> _Assigned task_
Write out exactly the lines of the entries below from the one holding "using e(2) by (cases N) auto" to the one holding "by (auto intro!: gpos_rat_one_power", inclusive, and leave out all other lines.

> _Data for processing_
theorem theorem3:
  fixes R :: "(real^'n) set" and l :: "real^'n \<Rightarrow> real" and \<epsilon> :: real
  assumes "R \<subseteq> pos_orthant"
    and "compact R"
    and "log_convex R"
    and "continuous_on R l"
    and "\<forall>x\<in>R. l x > 0"
    and "\<epsilon> > 0"
  shows "\<exists>p::nat. p > 0 \<and>
           (\<exists>\<psi> \<psi>'. \<psi> \<in> gpos_rat (1 / real p) \<and> \<psi>' \<in> gpos_rat (1 / real p) \<and>
              (\<forall>x\<in>R. \<bar>(l x - \<psi> x / \<psi>' x) / min (l x) (\<psi> x / \<psi>' x)\<bar> \<le> \<epsilon>))"
proof -
  obtain m where m: "m > 0" "\<forall>x\<in>R. m \<le> l x"
    using compact_continuous_pos_bounded_below assms(2,4,5) by blast
  define e where "e = min \<epsilon> 1"
  have e: "0 < e" "e \<le> 1" "e \<le> \<epsilon>"
    using assms(6) by (auto simp: e_def)
  have "m * e / 4 > 0"
    using m(1) e(1) by simp
  then obtain P Q where PQ: "P \<in> gpos_rat 1" "Q \<in> gpos_rat 1"
    and close: "\<forall>x\<in>R. \<bar>l x - (P x - Q x)\<bar> < m * e / 4"
    using posy_diff_approximable_continuous[OF assms(2,1,4)]
    unfolding posy_diff_approximable_def by blast
  have "bounded (Q ` R)"
    using gpos_rat_one_continuous_on[OF PQ(2) assms(1)] assms(2)
    by (simp add: compact_continuous_image compact_imp_bounded)
  then obtain G where G: "G > 0" "\<forall>x\<in>R. Q x \<le> G"
    unfolding bounded_pos by (auto simp: abs_le_iff)
  have "G / (m / 2 + G) < 1"
    using G(1) m(1) by simp
  then obtain N where N: "(G / (m / 2 + G)) ^ N < e / 4"
    using real_arch_pow_inv[of "e / 4"] e(1) by auto
  then have "N > 0"
    using e(2) by (cases N) auto
  define \<psi>' where "\<psi>' = (\<lambda>x. \<Sum>i<N. Q x ^ (N - Suc i) * P x ^ i)"
  have "(\<lambda>x. P x ^ N) \<in> gpos_rat 1" "\<psi>' \<in> gpos_rat 1"
    using PQ \<open>N > 0\<close> unfolding \<psi>'_def
    by (auto intro!: gpos_rat_one_power gpos_rat_one_sum gpos_rat_one_mult)
  moreover have "\<bar>(l x - P x ^ N / \<psi>' x) / min (l x) (P x ^ N / \<psi>' x)\<bar> \<le> \<epsilon>" if "x \<in> R" for x
  proof -
    have "Q x > 0"
      using gpos_rat_pos[OF PQ(2)] assms(1) that by blast
    then have "\<bar>(l x - P x ^ N / \<psi>' x) / min (l x) (P x ^ N / \<psi>' x)\<bar> \<le> e"
      unfolding \<psi>'_def using m G close N that e(1,2)
      by (intro geometric_quotient_relative_error) auto
    then show ?thesis
      using e(3) by linarith
  qed
  ultimately show ?thesis
    by (intro exI[of _ 1] exI[of _ "\<lambda>x. P x ^ N"] exI[of _ \<psi>'] conjI ballI) simp_all
qed

end
lemma
  assumes "x \<noteq> 0"
  shows inner_coroot_nonneg_iff: "y \<bullet> coroot x \<ge> 0 \<longleftrightarrow> y \<bullet> x \<ge> 0"
    and inner_coroot_pos_iff: "y \<bullet> coroot x > 0 \<longleftrightarrow> y \<bullet> x > 0"
    and inner_coroot_eq_0_iff: "y \<bullet> coroot x = 0 \<longleftrightarrow> y \<bullet> x = 0"
proof -
  have c: "2 / (x \<bullet> x) > 0" using assms by simp
  show "y \<bullet> coroot x \<ge> 0 \<longleftrightarrow> y \<bullet> x \<ge> 0" "y \<bullet> coroot x > 0 \<longleftrightarrow> y \<bullet> x > 0"
    "y \<bullet> coroot x = 0 \<longleftrightarrow> y \<bullet> x = 0"
    unfolding inner_coroot
    using mult_le_cancel_left_pos[OF c, of 0] mult_less_cancel_left_pos[OF c, of 0] c by auto
qed

lemma refl_refl [simp]: "refl a (refl a v) = v"
proof (cases "a = 0")
  case False
  then show ?thesis by (simp add: refl_def inner_diff_left inner_coroot_self algebra_simps)
qed (simp add: refl_def coroot_def)

lemma refl_self: "a \<noteq> 0 \<Longrightarrow> refl a a = - a"
  by (simp add: refl_def inner_coroot_self scaleR_2)

lemma refl_uminus [simp]: "refl (- a) = refl a"
  by (auto simp: refl_def)

lemma orthogonal_transformation_refl: "orthogonal_transformation (refl a)"
proof -
  have "linear (refl a)"
    by (rule linearI) (auto simp: refl_def inner_add_left algebra_simps)
  moreover have "refl a v \<bullet> refl a u = v \<bullet> u" for v u
  proof (cases "a = 0")
    case False
    have "refl a v \<bullet> refl a u = v \<bullet> u - (u \<bullet> coroot a) * (v \<bullet> a) - (v \<bullet> coroot a) * (a \<bullet> u)
       + (v \<bullet> coroot a) * (u \<bullet> coroot a) * (a \<bullet> a)"
      by (simp add: refl_def inner_diff_left inner_diff_right algebra_simps)
    also have "\<dots> = v \<bullet> u" using False
      by (simp add: inner_coroot inner_commute field_simps)
    finally show ?thesis .
  qed (simp add: refl_def coroot_def)
  ultimately show ?thesis by (simp add: orthogonal_transformation_def)
qed
(* Let $1<w\le 2$, $h>1$, $k\ge 2$, and let $\frac12\le y_1<\dots<y_n\le h-\frac12$ be uniformly spaced with $y_{i+1}-y_i=\frac1k$ for all $i$. Let $(\mathbf x,\prec)$ be a $\frac1k$-reasonable layout of this instance. For every bad square $s_i$ that is not a standard bad square, at least one of its neighbours $s_{i-1}$, $s_{i+1}$ (those that exist) is a standard bad square.
   Context: The instance is the strip $T=[0,w]\times[0,h]$ with the given $y_i$. A layout is a pair $(\mathbf x,\prec)$ where $\mathbf x=(x_1,\dots,x_n)$ with $x_i\in[\frac12,w-\frac12]$, and $\prec$ is a total order on the squares $s_1,\dots,s_n$, where $s_i$ is the closed axis-parallel unit square with centre $(x_i,y_i)$. If $s_i\prec s_j$ we say $s_j$ is in front of $s_i$ and $s_i$ is behind $s_j$. A point $p$ on the boundary of $s_i$ is visible if every square $s_j$ ($j\neq i$) containing $p$ is behind $s_i$, and covered otherwise. The visible perimeter of $s_i$ is the total length of its visible boundary points; the gap of $s_i$ is its visible perimeter minus $2$, the gap of a layout is the minimum gap of its squares, and a layout is $\varepsilon$-reasonable if its gap is larger than $\varepsilon$. A bad square is a square with at least two of its four corners covered; a standard bad square is a bad square one of whose vertical sides is entirely covered. *)

theory Defs
  imports "HOL-Analysis.Analysis"
begin

text \<open>Squares are indexed by 0..<n (the paper uses 1..n). Square i has centre (x i, y i).
  The depth order is a strict total order prec on {0..<n}; prec j i means s_j is behind s_i.\<close>

definition strict_total_order_on :: "nat set \<Rightarrow> (nat \<Rightarrow> nat \<Rightarrow> bool) \<Rightarrow> bool" where
  "strict_total_order_on I r \<longleftrightarrow>
     (\<forall>i\<in>I. \<not> r i i) \<and>
     (\<forall>i\<in>I. \<forall>j\<in>I. \<forall>l\<in>I. r i j \<longrightarrow> r j l \<longrightarrow> r i l) \<and>
     (\<forall>i\<in>I. \<forall>j\<in>I. i \<noteq> j \<longrightarrow> r i j \<or> r j i)"

definition sq :: "(nat \<Rightarrow> real) \<Rightarrow> (nat \<Rightarrow> real) \<Rightarrow> nat \<Rightarrow> (real \<times> real) set" where
  "sq x y i = cbox (x i - 1/2, y i - 1/2) (x i + 1/2, y i + 1/2)"

definition visible ::
  "nat \<Rightarrow> (nat \<Rightarrow> real) \<Rightarrow> (nat \<Rightarrow> real) \<Rightarrow> (nat \<Rightarrow> nat \<Rightarrow> bool) \<Rightarrow> nat \<Rightarrow> real \<times> real \<Rightarrow> bool" where
  "visible n x y prec i p \<longleftrightarrow> p \<in> frontier (sq x y i) \<and>
     (\<forall>j<n. j \<noteq> i \<longrightarrow> p \<in> sq x y j \<longrightarrow> prec j i)"

definition covered ::
  "nat \<Rightarrow> (nat \<Rightarrow> real) \<Rightarrow> (nat \<Rightarrow> real) \<Rightarrow> (nat \<Rightarrow> nat \<Rightarrow> bool) \<Rightarrow> nat \<Rightarrow> real \<times> real \<Rightarrow> bool" where
  "covered n x y prec i p \<longleftrightarrow> p \<in> frontier (sq x y i) \<and> \<not> visible n x y prec i p"

definition bottom_side :: "(nat \<Rightarrow> real) \<Rightarrow> (nat \<Rightarrow> real) \<Rightarrow> nat \<Rightarrow> real \<Rightarrow> real \<times> real" where
  "bottom_side x y i t = (x i - 1/2 + t, y i - 1/2)"
definition top_side :: "(nat \<Rightarrow> real) \<Rightarrow> (nat \<Rightarrow> real) \<Rightarrow> nat \<Rightarrow> real \<Rightarrow> real \<times> real" where
  "top_side x y i t = (x i - 1/2 + t, y i + 1/2)"
definition left_side :: "(nat \<Rightarrow> real) \<Rightarrow> (nat \<Rightarrow> real) \<Rightarrow> nat \<Rightarrow> real \<Rightarrow> real \<times> real" where
  "left_side x y i t = (x i - 1/2, y i - 1/2 + t)"
definition right_side :: "(nat \<Rightarrow> real) \<Rightarrow> (nat \<Rightarrow> real) \<Rightarrow> nat \<Rightarrow> real \<Rightarrow> real \<times> real" where
  "right_side x y i t = (x i + 1/2, y i - 1/2 + t)"

text \<open>Visible perimeter: total length of visible boundary points (corners have measure zero,
  so summing over the four closed sides is the length of the visible part of the boundary).\<close>
definition visible_perimeter ::
  "nat \<Rightarrow> (nat \<Rightarrow> real) \<Rightarrow> (nat \<Rightarrow> real) \<Rightarrow> (nat \<Rightarrow> nat \<Rightarrow> bool) \<Rightarrow> nat \<Rightarrow> real" where
  "visible_perimeter n x y prec i =
     measure lebesgue {t \<in> {0..1}. visible n x y prec i (bottom_side x y i t)} +
     measure lebesgue {t \<in> {0..1}. visible n x y prec i (top_side x y i t)} +
     measure lebesgue {t \<in> {0..1}. visible n x y prec i (left_side x y i t)} +
     measure lebesgue {t \<in> {0..1}. visible n x y prec i (right_side x y i t)}"

definition square_gap ::
  "nat \<Rightarrow> (nat \<Rightarrow> real) \<Rightarrow> (nat \<Rightarrow> real) \<Rightarrow> (nat \<Rightarrow> nat \<Rightarrow> bool) \<Rightarrow> nat \<Rightarrow> real" where
  "square_gap n x y prec i = visible_perimeter n x y prec i - 2"

definition layout_gap ::
  "nat \<Rightarrow> (nat \<Rightarrow> real) \<Rightarrow> (nat \<Rightarrow> real) \<Rightarrow> (nat \<Rightarrow> nat \<Rightarrow> bool) \<Rightarrow> real" where
  "layout_gap n x y prec = Min (square_gap n x y prec ` {0..<n})"

definition reasonable ::
  "real \<Rightarrow> nat \<Rightarrow> (nat \<Rightarrow> real) \<Rightarrow> (nat \<Rightarrow> real) \<Rightarrow> (nat \<Rightarrow> nat \<Rightarrow> bool) \<Rightarrow> bool" where
  "reasonable \<epsilon> n x y prec \<longleftrightarrow> layout_gap n x y prec > \<epsilon>"

definition is_layout ::
  "real \<Rightarrow> nat \<Rightarrow> (nat \<Rightarrow> real) \<Rightarrow> (nat \<Rightarrow> nat \<Rightarrow> bool) \<Rightarrow> bool" where
  "is_layout w n x prec \<longleftrightarrow> (\<forall>i<n. 1/2 \<le> x i \<and> x i \<le> w - 1/2) \<and> strict_total_order_on {0..<n} prec"

definition corners :: "(nat \<Rightarrow> real) \<Rightarrow> (nat \<Rightarrow> real) \<Rightarrow> nat \<Rightarrow> (real \<times> real) set" where
  "corners x y i = {(x i - 1/2, y i - 1/2), (x i + 1/2, y i - 1/2),
                    (x i - 1/2, y i + 1/2), (x i + 1/2, y i + 1/2)}"

definition bad_square ::
  "nat \<Rightarrow> (nat \<Rightarrow> real) \<Rightarrow> (nat \<Rightarrow> real) \<Rightarrow> (nat \<Rightarrow> nat \<Rightarrow> bool) \<Rightarrow> nat \<Rightarrow> bool" where
  "bad_square n x y prec i \<longleftrightarrow> card {c \<in> corners x y i. covered n x y prec i c} \<ge> 2"
lemma sum_d_arrow_weight:
  assumes young: "young_diagram lam"
  shows "(\<Sum>(i, j)\<in>lam. E (arrow_weight a b (d_arrow lam i j)))
       = (\<Sum>(i, j)\<in>lam. E (- (b * int j))) - (\<Sum>(i, j)\<in>lam. E (b * (int j + 1)))
         + E (a + b) * (\<Sum>(i, j)\<in>lam. E (a * int i + b * int j))
         - (1 - E a) * (1 - E b) * row_pair_sum E a b lam"
  unfolding arrow_weight_d_arrow sum_d_arrow_telescope[OF young] sum_column_pairs[OF young] by simp

lemma cell_sum_mult_conj:
  assumes young: "young_diagram lam"
  shows "(\<Sum>(i, j)\<in>lam. E (a * int i + b * int j)) * (\<Sum>(i, j)\<in>lam. E (- (a * int i + b * int j)))
         + (\<Sum>k<lcol lam 0. row_sum E b lam k * row_sum E (- b) lam k)
       = row_pair_sum E a b lam + row_pair_sum (\<lambda>u. E (- u)) a b lam"
proof -
  let ?L = "lcol lam 0" and ?R = "row_sum E b lam" and ?R' = "row_sum E (- b) lam"
  define h where "h k i = E (a * int k) * ?R k * (E (- (a * int i)) * ?R' i)" for k i
  have "(\<Sum>(i, j)\<in>lam. E (a * int i + b * int j)) = (\<Sum>k<?L. E (a * int k) * ?R k)"
    and "(\<Sum>(i, j)\<in>lam. E (- (a * int i + b * int j))) = (\<Sum>i<?L. E (- (a * int i)) * ?R' i)"
    by (simp_all add: young_diagram_sum_rows[OF young] row_sum_def sum_distrib_left add diff)
  then have "(\<Sum>(i, j)\<in>lam. E (a * int i + b * int j)) * (\<Sum>(i, j)\<in>lam. E (- (a * int i + b * int j)))
      = (\<Sum>k<?L. \<Sum>i<?L. h k i)"
    by (simp add: h_def sum_product)
  moreover have "h k k = ?R k * ?R' k" for k
  proof -
    have "h k k = (E (- (a * int k)) * E (a * int k)) * (?R k * ?R' k)"
      by (simp add: h_def mult_ac)
    then show ?thesis
      by (simp only: uminus_mult_self mult_1_left)
  qed
  moreover have "(\<Sum>k<?L. \<Sum>i\<le>k. h k i) = row_pair_sum E a b lam"
    unfolding row_pair_sum_def h_def
    by (intro sum.cong refl) (simp add: mult_ac right_diff_distrib diff)
  moreover have "(\<Sum>k<?L. \<Sum>i\<le>k. h i k) = row_pair_sum (\<lambda>u. E (- u)) a b lam"
    unfolding row_pair_sum_def h_def row_sum_def
    by (intro sum.cong refl) (simp add: mult_ac right_diff_distrib diff)
  ultimately show ?thesis
    using sum_square_split_triangles[of h ?L] by simp
qed

lemma row_sum_diagonal:
  assumes young: "young_diagram lam"
  shows "(1 - E b) * (\<Sum>k<lcol lam 0. row_sum E b lam k * row_sum E (- b) lam k)
       = (\<Sum>(i, j)\<in>lam. E (- (b * int j))) - (\<Sum>(i, j)\<in>lam. E (b * (int j + 1)))"
proof -
  have row: "(1 - E b) * row_sum E b lam k = 1 - E (b * int (crow lam k))" for k
    using geometric_sum[of 0 "crow lam k" b] by (simp add: row_sum_def atLeast0LessThan zero algebra_simps)
  have "(1 - E b) * (\<Sum>k<lcol lam 0. row_sum E b lam k * row_sum E (- b) lam k)
      = (\<Sum>k<lcol lam 0. (1 - E (b * int (crow lam k))) * row_sum E (- b) lam k)"
    by (simp add: sum_distrib_left mult.assoc[symmetric] row)
  also have "\<dots> = (\<Sum>(i, j)\<in>lam. E (- (b * int j))) - (\<Sum>(i, j)\<in>lam. E (b * (int (crow lam i) - int j)))"
    by (simp add: young_diagram_sum_rows[OF young] row_sum_def left_diff_distrib sum_subtractf
        sum_distrib_left right_diff_distrib diff)
  also have "(\<Sum>(i, j)\<in>lam. E (b * (int (crow lam i) - int j)))
      = (\<Sum>(i, j)\<in>lam. E (b * (int (crow lam i - Suc j) + 1)))"
    by (intro sum.cong) (auto simp: young_diagram_mem_iff_crow[OF young])
  also have "\<dots> = (\<Sum>(i, j)\<in>lam. E (b * (int j + 1)))"
    by (rule young_diagram_sum_row_reverse[OF young])
  finally show ?thesis .
qed

lemma sum_u_arrow_weight:
  assumes young: "young_diagram lam"
  shows "(\<Sum>(i, j)\<in>lam. E (arrow_weight a b (u_arrow lam i j)))
       = E a * (\<Sum>(i, j)\<in>lam. E (b * (int j + 1))) - E a * (\<Sum>(i, j)\<in>lam. E (- (b * int j)))
         + (\<Sum>(i, j)\<in>lam. E (- (a * int i + b * int j)))
         - (1 - E a) * (1 - E b) * row_pair_sum (\<lambda>u. E (- u)) a b lam"
proof -
  interpret conj: int_character "\<lambda>u. E (- u)"
    by (rule uminus_character)
  define A where "A = (\<Sum>(i, j)\<in>lam. E (b * int j))"
  define B where "B = (\<Sum>(i, j)\<in>lam. E (- (b * (int j + 1))))"
  define Q' where "Q' = (\<Sum>(i, j)\<in>lam. E (- (a * int i + b * int j)))"
  define c where "c = (1 - E (- a)) * (1 - E (- b))"
  \<comment> \<open>The weight of u is a + b minus that of d, so this is the d-sum for the conjugate character.\<close>
  have "(\<Sum>(i, j)\<in>lam. E (arrow_weight a b (u_arrow lam i j)))
      = E (a + b) * (\<Sum>(i, j)\<in>lam. E (- arrow_weight a b (d_arrow lam i j)))"
    by (simp add: arrow_weight_u_arrow sum_distrib_left case_prod_unfold diff)
  also have "(\<Sum>(i, j)\<in>lam. E (- arrow_weight a b (d_arrow lam i j)))
      = A - B + E (- (a + b)) * Q' - c * row_pair_sum (\<lambda>u. E (- u)) a b lam"
    using conj.sum_d_arrow_weight[OF young, of a b]
    unfolding A_def B_def Q'_def c_def by (simp only: minus_minus)
  finally have u_sum: "(\<Sum>(i, j)\<in>lam. E (arrow_weight a b (u_arrow lam i j)))
      = E (a + b) * (A - B + E (- (a + b)) * Q' - c * row_pair_sum (\<lambda>u. E (- u)) a b lam)" .
  have "E (a + b) * A = E a * (\<Sum>(i, j)\<in>lam. E (b * (int j + 1)))"
    unfolding A_def sum_distrib_left by (simp add: case_prod_unfold add algebra_simps)
  moreover have "E (a + b) * B = E a * (\<Sum>(i, j)\<in>lam. E (- (b * int j)))"
  proof -
    have "E (a + b) * E (- (b * (int j + 1))) = E (a - b * int j)" for j
      by (rule mult_eq) (simp add: algebra_simps)
    then show ?thesis
      unfolding B_def sum_distrib_left by (simp add: case_prod_unfold diff)
  qed
  moreover have "E (a + b) * E (- (a + b)) = 1"
    using uminus_mult_self[of "a + b"] by (simp add: mult.commute)
  moreover have "E (a + b) * c = (1 - E a) * (1 - E b)"
  proof -
    have "E (a + b) * c = (E a * (1 - E (- a))) * (E b * (1 - E (- b)))"
      by (simp add: c_def add mult_ac)
    then show ?thesis
      using uminus_mult_self[of a] uminus_mult_self[of b]
      by (simp add: right_diff_distrib mult.commute)
  qed
  ultimately show ?thesis
    unfolding u_sum Q'_def[symmetric] by (simp add: right_diff_distrib distrib_left mult.assoc[symmetric])
qed
lemma triangular_spanning:
  assumes "finite I" and "inj_on lead I" and "\<And>t. t \<in> I \<Longrightarrow> top_row_monomial (B t) (lead t)"
    and "qsubspace S" and "\<And>t. t \<in> I \<Longrightarrow> B t \<in> S"
    and bounded: "\<And>f i j. f \<in> S \<Longrightarrow> N \<le> j \<Longrightarrow> f (i, j) = 0"
    and covered: "\<And>f i J. f \<in> S \<Longrightarrow> f (i, J) \<noteq> 0 \<Longrightarrow> \<forall>i' j'. J < j' \<longrightarrow> f (i', j') = 0
                     \<Longrightarrow> (i, J) \<in> lead ` I"
    and "f \<in> S"
  shows "\<exists>u. f = qlincomb I u B"
proof -
  have "\<forall>f\<in>S. (\<forall>i j. J \<le> j \<longrightarrow> f (i, j) = 0) \<longrightarrow> (\<exists>u. f = qlincomb I u B)" for J
  proof (induction J)
    case 0
    have "f = qlincomb I (\<lambda>_. 0) B" if "\<forall>i j. f (i, j) = 0" for f
      using that by (auto simp: qlincomb_def)
    then show ?case
      by auto
  next
    case (Suc J)
    show ?case
    proof (intro ballI impI)
      fix f
      assume "f \<in> S" and vanish: "\<forall>i j. Suc J \<le> j \<longrightarrow> f (i, j) = 0"
      define u where "u = (\<lambda>t. if snd (lead t) = J then f (lead t) else 0)"
      define g where "g = (\<lambda>ij. f ij - qlincomb I u B ij)"
      have "g \<in> S"
        unfolding g_def using assms(4,5) \<open>f \<in> S\<close> by (intro qsubspace_diff qlincomb_in_qsubspace) auto
      moreover have "\<forall>i j. J \<le> j \<longrightarrow> g (i, j) = 0"
        using triangular_row_reduction[OF assms(1-3), of J f] covered[OF \<open>f \<in> S\<close>] vanish
        by (simp add: g_def u_def Suc_le_eq)
      ultimately obtain w where "g = qlincomb I w B"
        using Suc.IH by blast
      then have "f = qlincomb I (\<lambda>t. u t + w t) B"
        by (auto simp: g_def qlincomb_def distrib_right sum.distrib fun_eq_iff algebra_simps)
      then show "\<exists>u. f = qlincomb I u B"
        by blast
    qed
  qed
  then show ?thesis
    using bounded \<open>f \<in> S\<close> by blast
qed

lemma is_basis_of_triangular:
  assumes "finite I" and "inj_on lead I" and "\<And>t. t \<in> I \<Longrightarrow> top_row_monomial (B t) (lead t)"
    and "qsubspace S" and "\<And>t. t \<in> I \<Longrightarrow> B t \<in> S"
    and "\<And>f i j. f \<in> S \<Longrightarrow> N \<le> j \<Longrightarrow> f (i, j) = 0"
    and "\<And>f i J. f \<in> S \<Longrightarrow> f (i, J) \<noteq> 0 \<Longrightarrow> \<forall>i' j'. J < j' \<longrightarrow> f (i', j') = 0
           \<Longrightarrow> (i, J) \<in> lead ` I"
  shows "is_basis_of I B S"
proof -
  have "\<exists>u. f = qlincomb I u B" if "f \<in> S" for f
    using assms that by (rule triangular_spanning)
  then show ?thesis
    unfolding is_basis_of_def
    using assms(1,5) triangular_linear_independent[OF assms(1-3)] by auto
qed

section \<open>The basis of the invariants\<close>

lemma x_pow_V2_pow_eq_qtrunc:
  "qmul N (qpow N (qX N) a) (qpow N (qV2 N q) b) = qtrunc N (smult (monom 1 a) (V2_poly q ^ b))"
  unfolding qX_pow_eq_qtrunc qV2_eq_qtrunc qpow_qtrunc qmul_qtrunc by simp

lemma top_row_monomial_qmono: "i < N \<Longrightarrow> j < N \<Longrightarrow> top_row_monomial (qmono N i j) (i, j)"
  by (auto simp: top_row_monomial_def qmono_def)

lemma top_row_monomial_x_pow_V2_pow:
  assumes "2 \<le> q" and "a < N" and "q * b < N"
  shows "top_row_monomial (qtrunc N (smult (monom 1 a) (V2_poly q ^ b) :: 'a::idom poly poly)) (a, q * b)"
proof -
  let ?P = "smult (monom 1 a) (V2_poly q ^ b) :: 'a poly poly"
  have "coeff ?P (q * b) = monom 1 a"
    using lead_coeff_V2_poly_power[where 'a='a, OF assms(1), of b]
      degree_V2_poly_power[where 'a='a, OF assms(1), of b]
    by simp
  moreover have "coeff ?P j = 0" if "q * b < j" for j
    using that degree_V2_poly_power[where 'a='a, OF assms(1), of b] by (simp add: coeff_eq_0)
  ultimately show ?thesis
    using assms(2,3) by (auto simp: top_row_monomial_def qtrunc_def)
qed

lemma qmono_in_qinvariants:
  assumes "prime p" and "CHAR('a::comm_ring_1) = p"
    and "j < N" and "N \<le> i + p ^ multiplicity p j"
  shows "(qmono N i j :: nat \<times> nat \<Rightarrow> 'a) \<in> qinvariants N"
  using qact_qmono[OF assms] by (auto simp: qinvariants_def qmono_eq_qtrunc qtrunc_in_qcarrier)

lemma x_pow_V2_pow_in_qinvariants:
  assumes "prime p" and "card (UNIV :: 'a set) = p ^ k" and "p ^ k * b < N"
  shows "qtrunc N (smult (monom 1 a) (V2_poly (p ^ k) ^ b))
           \<in> (qinvariants N :: (nat \<times> nat \<Rightarrow> 'a::{field,finite}) set)"
proof -
  let ?P = "smult (monom 1 a) (V2_poly (p ^ k) ^ b) :: 'a poly poly"
  have "2 \<le> p ^ k"
    using card_field_ge_2[where 'a='a] assms(2) by simp
  then have "degree ?P < N"
    using degree_V2_poly_power[where 'a='a, of "p ^ k" b] assms(3) by simp
  moreover have "pcompose ?P (y_plus_ax c) = ?P" for c :: 'a
    using pcompose_V2_poly[OF assms(1) CHAR_eq_if_card_eq_prime_power[OF assms(1,2)], of "p ^ k" k c]
      field_power_card_eq_self[of c] assms(2)
    by (simp add: pcompose_smult pcompose_power)
  ultimately show ?thesis
    by (simp add: qinvariants_def qact_qtrunc qtrunc_in_qcarrier)
qed

definition basis_index :: "nat \<Rightarrow> nat \<Rightarrow> nat \<Rightarrow> (nat \<times> nat + nat \<times> nat) set" where
  "basis_index p q N =
     Inl ` {(i, j). i < N \<and> j < N \<and> \<not> q dvd j \<and> N \<le> i + p ^ multiplicity p j}
     \<union> Inr ` {(a, b). a < N \<and> q * b < N}"

definition basis_family :: "nat \<Rightarrow> nat \<Rightarrow> nat \<times> nat + nat \<times> nat \<Rightarrow> nat \<times> nat \<Rightarrow> 'a::comm_ring_1" where
  "basis_family N q = (\<lambda>t. case t of
      Inl (i, j) \<Rightarrow> qmono N i j
    | Inr (a, b) \<Rightarrow> qmul N (qpow N (qX N) a) (qpow N (qV2 N q) b))"

definition basis_lead :: "nat \<Rightarrow> nat \<times> nat + nat \<times> nat \<Rightarrow> nat \<times> nat" where
  "basis_lead q t = (case t of Inl ij \<Rightarrow> ij | Inr (a, b) \<Rightarrow> (a, q * b))"

lemma finite_basis_index:
  assumes "0 < q"
  shows "finite (basis_index p q N)"
proof -
  have "b < N" if "q * b < N" for b
    using assms that by (metis le_less_trans mult_le_mono1 mult_1 Suc_leI One_nat_def)
  then have "basis_index p q N \<subseteq> Inl ` ({..<N} \<times> {..<N}) \<union> Inr ` ({..<N} \<times> {..<N})"
    by (auto simp: basis_index_def)
  then show ?thesis
    by (rule finite_subset) simp
qed

lemma inj_on_basis_lead: "0 < q \<Longrightarrow> inj_on (basis_lead q) (basis_index p q N)"
  by (auto simp: inj_on_def basis_index_def basis_lead_def)

lemma prime_power_multiplicity_less:
  fixes p :: nat
  assumes "prime p" and "\<not> p ^ k dvd j"
  shows "p ^ multiplicity p j < p ^ k"
proof -
  have "multiplicity p j < k"
    using assms(2) multiplicity_dvd'[of k p j] by (meson not_le)
  then show ?thesis
    using prime_gt_1_nat[OF assms(1)] by (rule power_strict_increasing)
qed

> _Answer for the task_
    using e(2) by (cases N) auto
  define \<psi>' where "\<psi>' = (\<lambda>x. \<Sum>i<N. Q x ^ (N - Suc i) * P x ^ i)"
  have "(\<lambda>x. P x ^ N) \<in> gpos_rat 1" "\<psi>' \<in> gpos_rat 1"
    using PQ \<open>N > 0\<close> unfolding \<psi>'_def
    by (auto intro!: gpos_rat_one_power gpos_rat_one_sum gpos_rat_one_mult)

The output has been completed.